▸ YOUR TASK: Whenever the word "rhaX" turns up in a line below, that line should be copied.

▸ Collection entries:
++++++++++

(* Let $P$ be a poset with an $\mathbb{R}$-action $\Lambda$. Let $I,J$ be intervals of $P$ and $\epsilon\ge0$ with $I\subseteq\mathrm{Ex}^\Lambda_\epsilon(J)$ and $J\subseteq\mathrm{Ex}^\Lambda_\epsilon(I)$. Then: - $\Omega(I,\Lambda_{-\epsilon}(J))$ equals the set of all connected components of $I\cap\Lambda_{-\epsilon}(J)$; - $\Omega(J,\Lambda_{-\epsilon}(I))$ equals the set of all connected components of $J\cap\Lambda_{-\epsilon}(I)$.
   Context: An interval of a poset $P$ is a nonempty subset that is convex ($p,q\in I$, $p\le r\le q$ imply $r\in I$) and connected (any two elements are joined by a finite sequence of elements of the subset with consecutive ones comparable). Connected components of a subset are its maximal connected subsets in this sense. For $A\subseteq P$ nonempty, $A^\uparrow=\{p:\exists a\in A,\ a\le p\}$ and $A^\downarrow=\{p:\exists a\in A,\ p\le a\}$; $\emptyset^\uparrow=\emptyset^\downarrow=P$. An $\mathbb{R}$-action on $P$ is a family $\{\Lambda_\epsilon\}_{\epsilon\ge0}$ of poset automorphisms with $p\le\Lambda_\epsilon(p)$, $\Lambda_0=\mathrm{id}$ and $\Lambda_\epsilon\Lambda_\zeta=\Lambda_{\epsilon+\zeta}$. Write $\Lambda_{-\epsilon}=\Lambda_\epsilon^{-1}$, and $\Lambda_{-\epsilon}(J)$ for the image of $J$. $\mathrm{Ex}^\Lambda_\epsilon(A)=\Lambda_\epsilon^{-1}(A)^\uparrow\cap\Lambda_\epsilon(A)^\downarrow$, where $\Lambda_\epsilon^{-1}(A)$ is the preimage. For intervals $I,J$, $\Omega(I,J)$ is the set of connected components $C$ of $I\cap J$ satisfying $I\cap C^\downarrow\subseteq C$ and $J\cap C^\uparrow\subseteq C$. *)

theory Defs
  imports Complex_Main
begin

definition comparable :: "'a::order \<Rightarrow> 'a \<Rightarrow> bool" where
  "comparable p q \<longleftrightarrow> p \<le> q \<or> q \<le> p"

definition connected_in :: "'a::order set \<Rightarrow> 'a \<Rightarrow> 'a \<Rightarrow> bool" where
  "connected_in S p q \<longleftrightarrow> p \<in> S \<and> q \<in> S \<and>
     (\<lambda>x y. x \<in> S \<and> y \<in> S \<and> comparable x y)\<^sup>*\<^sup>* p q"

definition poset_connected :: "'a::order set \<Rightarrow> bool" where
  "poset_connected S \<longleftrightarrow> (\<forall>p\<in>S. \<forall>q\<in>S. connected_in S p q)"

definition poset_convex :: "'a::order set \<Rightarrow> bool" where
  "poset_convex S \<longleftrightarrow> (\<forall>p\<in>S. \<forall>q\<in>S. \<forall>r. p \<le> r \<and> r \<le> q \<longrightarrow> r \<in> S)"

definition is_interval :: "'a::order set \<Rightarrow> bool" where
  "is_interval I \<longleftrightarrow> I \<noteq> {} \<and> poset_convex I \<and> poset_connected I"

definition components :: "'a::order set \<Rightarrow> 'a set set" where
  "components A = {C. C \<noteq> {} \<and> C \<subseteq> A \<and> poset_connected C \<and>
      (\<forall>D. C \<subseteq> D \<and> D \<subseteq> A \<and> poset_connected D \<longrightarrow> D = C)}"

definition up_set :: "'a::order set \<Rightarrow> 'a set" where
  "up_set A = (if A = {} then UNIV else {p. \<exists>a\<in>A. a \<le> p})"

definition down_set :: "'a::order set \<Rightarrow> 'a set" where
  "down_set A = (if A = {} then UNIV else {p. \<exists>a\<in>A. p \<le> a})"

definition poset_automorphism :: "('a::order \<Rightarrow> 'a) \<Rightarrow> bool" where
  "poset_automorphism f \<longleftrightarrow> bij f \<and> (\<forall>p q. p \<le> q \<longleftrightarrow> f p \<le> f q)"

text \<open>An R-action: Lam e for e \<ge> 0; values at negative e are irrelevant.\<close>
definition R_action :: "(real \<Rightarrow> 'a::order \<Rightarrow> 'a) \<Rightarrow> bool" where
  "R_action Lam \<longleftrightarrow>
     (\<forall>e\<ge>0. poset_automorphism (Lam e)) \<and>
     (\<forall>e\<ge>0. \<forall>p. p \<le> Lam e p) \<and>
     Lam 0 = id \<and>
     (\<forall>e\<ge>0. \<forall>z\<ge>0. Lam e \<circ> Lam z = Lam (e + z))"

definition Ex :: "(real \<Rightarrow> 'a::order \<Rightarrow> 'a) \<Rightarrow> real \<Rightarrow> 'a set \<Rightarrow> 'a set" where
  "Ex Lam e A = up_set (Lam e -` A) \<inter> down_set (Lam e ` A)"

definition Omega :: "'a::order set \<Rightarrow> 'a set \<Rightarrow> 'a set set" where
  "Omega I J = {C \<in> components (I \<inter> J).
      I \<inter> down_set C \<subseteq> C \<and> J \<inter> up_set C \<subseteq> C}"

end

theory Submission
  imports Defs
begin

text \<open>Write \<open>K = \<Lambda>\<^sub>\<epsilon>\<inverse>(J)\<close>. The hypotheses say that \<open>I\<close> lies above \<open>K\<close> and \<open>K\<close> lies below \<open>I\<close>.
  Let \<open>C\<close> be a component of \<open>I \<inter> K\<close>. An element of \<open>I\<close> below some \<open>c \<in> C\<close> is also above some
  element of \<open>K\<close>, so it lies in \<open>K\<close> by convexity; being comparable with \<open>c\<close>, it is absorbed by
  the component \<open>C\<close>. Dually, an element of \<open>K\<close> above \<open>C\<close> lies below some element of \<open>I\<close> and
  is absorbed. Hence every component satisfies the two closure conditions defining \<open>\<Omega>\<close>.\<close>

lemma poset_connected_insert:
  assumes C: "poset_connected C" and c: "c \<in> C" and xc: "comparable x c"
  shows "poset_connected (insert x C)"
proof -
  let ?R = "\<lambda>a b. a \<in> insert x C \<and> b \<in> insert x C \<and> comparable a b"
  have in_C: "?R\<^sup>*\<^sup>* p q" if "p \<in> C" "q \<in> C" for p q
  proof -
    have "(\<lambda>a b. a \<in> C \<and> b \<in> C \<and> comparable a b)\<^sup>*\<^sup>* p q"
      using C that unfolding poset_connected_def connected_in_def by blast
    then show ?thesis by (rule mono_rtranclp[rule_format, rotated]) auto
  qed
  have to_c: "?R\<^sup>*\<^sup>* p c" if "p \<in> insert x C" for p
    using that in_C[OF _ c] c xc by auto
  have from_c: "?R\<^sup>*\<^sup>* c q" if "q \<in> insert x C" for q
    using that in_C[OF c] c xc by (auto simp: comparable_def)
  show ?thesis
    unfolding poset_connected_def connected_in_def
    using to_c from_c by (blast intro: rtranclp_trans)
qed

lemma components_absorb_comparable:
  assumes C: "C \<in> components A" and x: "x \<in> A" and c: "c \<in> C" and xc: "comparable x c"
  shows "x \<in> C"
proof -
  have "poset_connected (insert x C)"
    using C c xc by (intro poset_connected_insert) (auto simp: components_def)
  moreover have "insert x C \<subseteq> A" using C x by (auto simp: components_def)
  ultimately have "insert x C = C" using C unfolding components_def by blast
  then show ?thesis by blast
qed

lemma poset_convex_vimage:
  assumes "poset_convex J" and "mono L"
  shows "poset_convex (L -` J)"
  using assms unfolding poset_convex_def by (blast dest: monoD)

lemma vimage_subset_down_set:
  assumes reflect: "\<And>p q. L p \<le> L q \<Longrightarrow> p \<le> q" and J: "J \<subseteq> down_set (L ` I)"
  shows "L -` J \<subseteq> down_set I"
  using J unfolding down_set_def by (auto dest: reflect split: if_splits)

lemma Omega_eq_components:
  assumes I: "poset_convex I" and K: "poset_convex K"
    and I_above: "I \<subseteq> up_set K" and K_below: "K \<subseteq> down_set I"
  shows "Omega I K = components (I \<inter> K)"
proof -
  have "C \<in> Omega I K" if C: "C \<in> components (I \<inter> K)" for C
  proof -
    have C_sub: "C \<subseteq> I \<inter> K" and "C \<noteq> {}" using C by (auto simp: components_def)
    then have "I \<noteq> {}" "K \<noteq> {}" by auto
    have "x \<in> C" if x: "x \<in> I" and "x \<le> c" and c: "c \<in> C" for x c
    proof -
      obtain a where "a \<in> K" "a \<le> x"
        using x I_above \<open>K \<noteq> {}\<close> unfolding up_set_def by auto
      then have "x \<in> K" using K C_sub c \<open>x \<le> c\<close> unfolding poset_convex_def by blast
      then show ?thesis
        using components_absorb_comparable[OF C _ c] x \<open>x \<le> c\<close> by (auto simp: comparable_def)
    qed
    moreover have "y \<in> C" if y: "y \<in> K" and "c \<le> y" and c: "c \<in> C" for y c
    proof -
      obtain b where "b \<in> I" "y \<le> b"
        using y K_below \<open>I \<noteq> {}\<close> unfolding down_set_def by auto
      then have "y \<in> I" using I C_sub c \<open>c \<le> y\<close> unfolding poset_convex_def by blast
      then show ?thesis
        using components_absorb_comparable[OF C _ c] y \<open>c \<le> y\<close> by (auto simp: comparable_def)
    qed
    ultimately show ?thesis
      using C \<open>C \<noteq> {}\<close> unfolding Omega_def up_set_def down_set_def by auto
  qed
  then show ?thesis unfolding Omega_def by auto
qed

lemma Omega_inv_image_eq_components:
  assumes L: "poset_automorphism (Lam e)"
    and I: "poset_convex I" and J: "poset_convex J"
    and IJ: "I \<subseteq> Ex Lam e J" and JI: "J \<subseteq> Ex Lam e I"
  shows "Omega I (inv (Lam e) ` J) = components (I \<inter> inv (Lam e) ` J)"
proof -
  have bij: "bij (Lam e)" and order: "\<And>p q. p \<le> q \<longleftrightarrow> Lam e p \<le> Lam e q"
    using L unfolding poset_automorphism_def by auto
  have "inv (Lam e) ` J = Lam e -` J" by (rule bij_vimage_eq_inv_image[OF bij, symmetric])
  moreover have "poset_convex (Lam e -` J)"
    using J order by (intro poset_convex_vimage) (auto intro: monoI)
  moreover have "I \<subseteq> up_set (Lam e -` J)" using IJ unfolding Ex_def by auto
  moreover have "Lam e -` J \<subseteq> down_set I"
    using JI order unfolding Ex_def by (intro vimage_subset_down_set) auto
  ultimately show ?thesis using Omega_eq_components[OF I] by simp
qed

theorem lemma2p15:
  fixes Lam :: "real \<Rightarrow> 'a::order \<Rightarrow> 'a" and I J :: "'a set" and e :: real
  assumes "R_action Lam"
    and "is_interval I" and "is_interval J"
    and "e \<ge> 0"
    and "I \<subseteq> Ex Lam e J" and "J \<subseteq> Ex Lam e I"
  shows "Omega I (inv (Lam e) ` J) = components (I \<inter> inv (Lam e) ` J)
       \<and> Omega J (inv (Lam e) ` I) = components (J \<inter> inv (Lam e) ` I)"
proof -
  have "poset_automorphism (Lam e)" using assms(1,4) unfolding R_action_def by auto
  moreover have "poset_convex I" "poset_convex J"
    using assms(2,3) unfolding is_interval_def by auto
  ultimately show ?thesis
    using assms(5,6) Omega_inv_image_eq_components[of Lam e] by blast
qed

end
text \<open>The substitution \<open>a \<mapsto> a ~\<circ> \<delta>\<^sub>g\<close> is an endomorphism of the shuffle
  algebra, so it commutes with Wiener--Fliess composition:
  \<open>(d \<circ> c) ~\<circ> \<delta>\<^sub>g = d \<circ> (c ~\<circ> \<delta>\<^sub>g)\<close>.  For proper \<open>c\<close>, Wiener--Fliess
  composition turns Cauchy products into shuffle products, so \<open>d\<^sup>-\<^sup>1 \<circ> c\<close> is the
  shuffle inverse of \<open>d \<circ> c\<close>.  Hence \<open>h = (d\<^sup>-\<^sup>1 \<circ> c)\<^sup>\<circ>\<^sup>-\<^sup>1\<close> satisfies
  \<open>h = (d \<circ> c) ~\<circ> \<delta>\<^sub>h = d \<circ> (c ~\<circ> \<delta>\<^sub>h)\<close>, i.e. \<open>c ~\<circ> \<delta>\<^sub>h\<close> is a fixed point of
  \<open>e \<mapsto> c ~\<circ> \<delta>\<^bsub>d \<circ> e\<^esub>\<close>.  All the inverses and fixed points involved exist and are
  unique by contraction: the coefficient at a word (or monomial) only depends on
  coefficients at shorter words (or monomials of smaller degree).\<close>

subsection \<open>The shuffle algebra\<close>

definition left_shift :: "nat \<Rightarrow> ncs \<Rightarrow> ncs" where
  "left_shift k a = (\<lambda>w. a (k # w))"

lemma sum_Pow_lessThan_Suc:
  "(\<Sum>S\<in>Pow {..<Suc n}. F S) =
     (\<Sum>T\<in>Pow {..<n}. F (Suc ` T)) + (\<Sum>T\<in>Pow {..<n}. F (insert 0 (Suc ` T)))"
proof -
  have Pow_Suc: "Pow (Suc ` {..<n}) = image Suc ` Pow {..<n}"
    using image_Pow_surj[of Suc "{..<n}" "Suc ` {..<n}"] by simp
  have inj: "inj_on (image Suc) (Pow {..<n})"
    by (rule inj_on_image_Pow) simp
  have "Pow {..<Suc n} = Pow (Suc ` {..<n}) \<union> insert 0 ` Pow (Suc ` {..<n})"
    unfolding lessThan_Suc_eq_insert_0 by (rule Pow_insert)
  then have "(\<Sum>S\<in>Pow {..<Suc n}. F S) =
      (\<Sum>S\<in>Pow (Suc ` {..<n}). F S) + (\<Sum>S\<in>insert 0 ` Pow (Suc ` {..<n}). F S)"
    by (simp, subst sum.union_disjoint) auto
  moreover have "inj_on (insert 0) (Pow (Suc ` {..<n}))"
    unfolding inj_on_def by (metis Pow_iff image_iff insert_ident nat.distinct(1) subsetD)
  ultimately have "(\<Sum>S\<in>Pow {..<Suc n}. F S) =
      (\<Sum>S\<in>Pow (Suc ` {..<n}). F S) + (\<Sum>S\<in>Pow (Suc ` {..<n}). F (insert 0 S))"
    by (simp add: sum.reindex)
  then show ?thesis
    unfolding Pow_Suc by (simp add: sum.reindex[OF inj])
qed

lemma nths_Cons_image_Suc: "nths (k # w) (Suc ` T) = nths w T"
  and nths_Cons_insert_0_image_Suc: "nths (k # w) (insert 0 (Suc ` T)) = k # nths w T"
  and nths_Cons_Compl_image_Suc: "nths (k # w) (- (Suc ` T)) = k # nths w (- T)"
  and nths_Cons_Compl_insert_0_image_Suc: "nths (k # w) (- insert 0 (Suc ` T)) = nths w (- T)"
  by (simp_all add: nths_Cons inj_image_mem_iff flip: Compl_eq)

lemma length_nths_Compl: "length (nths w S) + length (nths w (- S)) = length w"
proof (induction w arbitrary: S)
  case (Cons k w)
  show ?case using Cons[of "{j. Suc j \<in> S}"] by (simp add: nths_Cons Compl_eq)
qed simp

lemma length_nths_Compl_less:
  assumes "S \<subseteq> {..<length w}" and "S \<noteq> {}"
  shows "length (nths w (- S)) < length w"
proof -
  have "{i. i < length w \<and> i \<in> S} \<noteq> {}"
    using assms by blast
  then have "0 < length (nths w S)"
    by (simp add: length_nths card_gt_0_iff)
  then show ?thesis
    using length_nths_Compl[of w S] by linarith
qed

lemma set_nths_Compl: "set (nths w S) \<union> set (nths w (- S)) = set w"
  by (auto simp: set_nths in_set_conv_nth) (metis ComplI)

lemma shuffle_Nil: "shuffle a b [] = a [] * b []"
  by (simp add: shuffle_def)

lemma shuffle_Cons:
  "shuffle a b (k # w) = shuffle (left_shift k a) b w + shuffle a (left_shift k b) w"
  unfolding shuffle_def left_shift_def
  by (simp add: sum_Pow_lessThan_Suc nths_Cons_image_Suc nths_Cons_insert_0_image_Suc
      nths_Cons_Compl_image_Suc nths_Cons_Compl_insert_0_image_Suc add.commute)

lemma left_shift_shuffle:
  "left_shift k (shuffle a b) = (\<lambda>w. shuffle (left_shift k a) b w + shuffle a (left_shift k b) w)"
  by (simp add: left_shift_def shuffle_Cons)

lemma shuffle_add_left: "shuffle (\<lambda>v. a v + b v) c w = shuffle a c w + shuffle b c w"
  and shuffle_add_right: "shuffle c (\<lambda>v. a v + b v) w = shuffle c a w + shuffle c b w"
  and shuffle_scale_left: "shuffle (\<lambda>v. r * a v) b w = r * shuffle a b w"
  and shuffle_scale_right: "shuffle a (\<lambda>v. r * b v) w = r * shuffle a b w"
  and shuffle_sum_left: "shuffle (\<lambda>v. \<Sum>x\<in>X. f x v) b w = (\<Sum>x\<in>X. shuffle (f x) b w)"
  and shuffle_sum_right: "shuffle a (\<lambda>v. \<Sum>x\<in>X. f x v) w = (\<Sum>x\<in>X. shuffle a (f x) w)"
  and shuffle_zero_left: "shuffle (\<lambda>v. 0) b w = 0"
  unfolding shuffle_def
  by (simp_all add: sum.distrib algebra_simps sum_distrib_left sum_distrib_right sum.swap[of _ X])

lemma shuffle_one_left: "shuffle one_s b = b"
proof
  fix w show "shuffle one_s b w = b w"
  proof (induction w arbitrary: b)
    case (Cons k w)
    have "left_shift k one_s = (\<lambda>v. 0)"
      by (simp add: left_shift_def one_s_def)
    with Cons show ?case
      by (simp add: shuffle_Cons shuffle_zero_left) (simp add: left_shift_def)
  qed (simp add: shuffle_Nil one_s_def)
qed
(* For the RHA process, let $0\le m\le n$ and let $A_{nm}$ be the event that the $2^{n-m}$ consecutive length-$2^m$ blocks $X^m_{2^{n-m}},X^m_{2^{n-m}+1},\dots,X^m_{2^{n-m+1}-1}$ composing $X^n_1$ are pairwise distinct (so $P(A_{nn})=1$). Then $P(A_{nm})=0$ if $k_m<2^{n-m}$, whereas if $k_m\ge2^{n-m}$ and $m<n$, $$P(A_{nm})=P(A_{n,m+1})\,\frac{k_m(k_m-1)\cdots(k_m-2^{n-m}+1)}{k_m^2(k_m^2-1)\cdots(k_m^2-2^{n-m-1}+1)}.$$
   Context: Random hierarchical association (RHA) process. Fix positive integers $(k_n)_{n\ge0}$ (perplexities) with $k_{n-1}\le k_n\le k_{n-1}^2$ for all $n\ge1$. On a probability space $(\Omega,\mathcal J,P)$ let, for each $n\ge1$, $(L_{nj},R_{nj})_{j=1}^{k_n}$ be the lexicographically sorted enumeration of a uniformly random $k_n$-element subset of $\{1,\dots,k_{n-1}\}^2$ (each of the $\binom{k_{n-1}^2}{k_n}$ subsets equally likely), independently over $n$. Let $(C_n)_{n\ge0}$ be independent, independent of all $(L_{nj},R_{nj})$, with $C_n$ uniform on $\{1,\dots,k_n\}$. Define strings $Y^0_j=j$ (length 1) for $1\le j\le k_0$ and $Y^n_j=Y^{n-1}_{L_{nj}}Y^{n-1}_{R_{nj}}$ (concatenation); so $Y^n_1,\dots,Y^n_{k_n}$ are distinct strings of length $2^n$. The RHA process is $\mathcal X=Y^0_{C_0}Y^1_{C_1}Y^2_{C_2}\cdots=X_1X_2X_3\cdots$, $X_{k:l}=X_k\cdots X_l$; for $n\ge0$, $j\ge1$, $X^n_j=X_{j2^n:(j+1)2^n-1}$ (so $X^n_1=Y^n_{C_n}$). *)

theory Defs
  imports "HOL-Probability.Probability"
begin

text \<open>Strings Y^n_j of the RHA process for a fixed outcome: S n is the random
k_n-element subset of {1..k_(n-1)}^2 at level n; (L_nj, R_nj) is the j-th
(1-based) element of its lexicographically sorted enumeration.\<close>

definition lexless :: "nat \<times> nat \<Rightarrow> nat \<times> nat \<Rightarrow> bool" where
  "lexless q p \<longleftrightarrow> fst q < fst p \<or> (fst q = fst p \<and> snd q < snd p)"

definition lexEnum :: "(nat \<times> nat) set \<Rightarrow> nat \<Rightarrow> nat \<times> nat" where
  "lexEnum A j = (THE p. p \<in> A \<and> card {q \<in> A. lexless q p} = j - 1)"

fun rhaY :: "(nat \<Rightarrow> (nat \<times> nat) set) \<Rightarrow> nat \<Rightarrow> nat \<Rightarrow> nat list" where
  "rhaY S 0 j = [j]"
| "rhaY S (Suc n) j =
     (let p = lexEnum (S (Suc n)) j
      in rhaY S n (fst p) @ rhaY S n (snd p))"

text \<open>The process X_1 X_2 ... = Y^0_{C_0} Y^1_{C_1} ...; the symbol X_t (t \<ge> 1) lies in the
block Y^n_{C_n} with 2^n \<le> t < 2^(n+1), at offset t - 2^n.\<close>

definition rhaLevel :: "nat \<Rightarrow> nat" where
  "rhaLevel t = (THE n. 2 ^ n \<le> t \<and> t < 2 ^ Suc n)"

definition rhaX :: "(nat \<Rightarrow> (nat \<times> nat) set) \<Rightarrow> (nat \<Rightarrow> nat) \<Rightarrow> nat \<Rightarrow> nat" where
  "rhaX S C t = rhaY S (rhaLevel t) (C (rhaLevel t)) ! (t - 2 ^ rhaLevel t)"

++++++++++

▸ PROBLEM SOLUTION:
definition rhaX :: "(nat \<Rightarrow> (nat \<times> nat) set) \<Rightarrow> (nat \<Rightarrow> nat) \<Rightarrow> nat \<Rightarrow> nat" where
  "rhaX S C t = rhaY S (rhaLevel t) (C (rhaLevel t)) ! (t - 2 ^ rhaLevel t)"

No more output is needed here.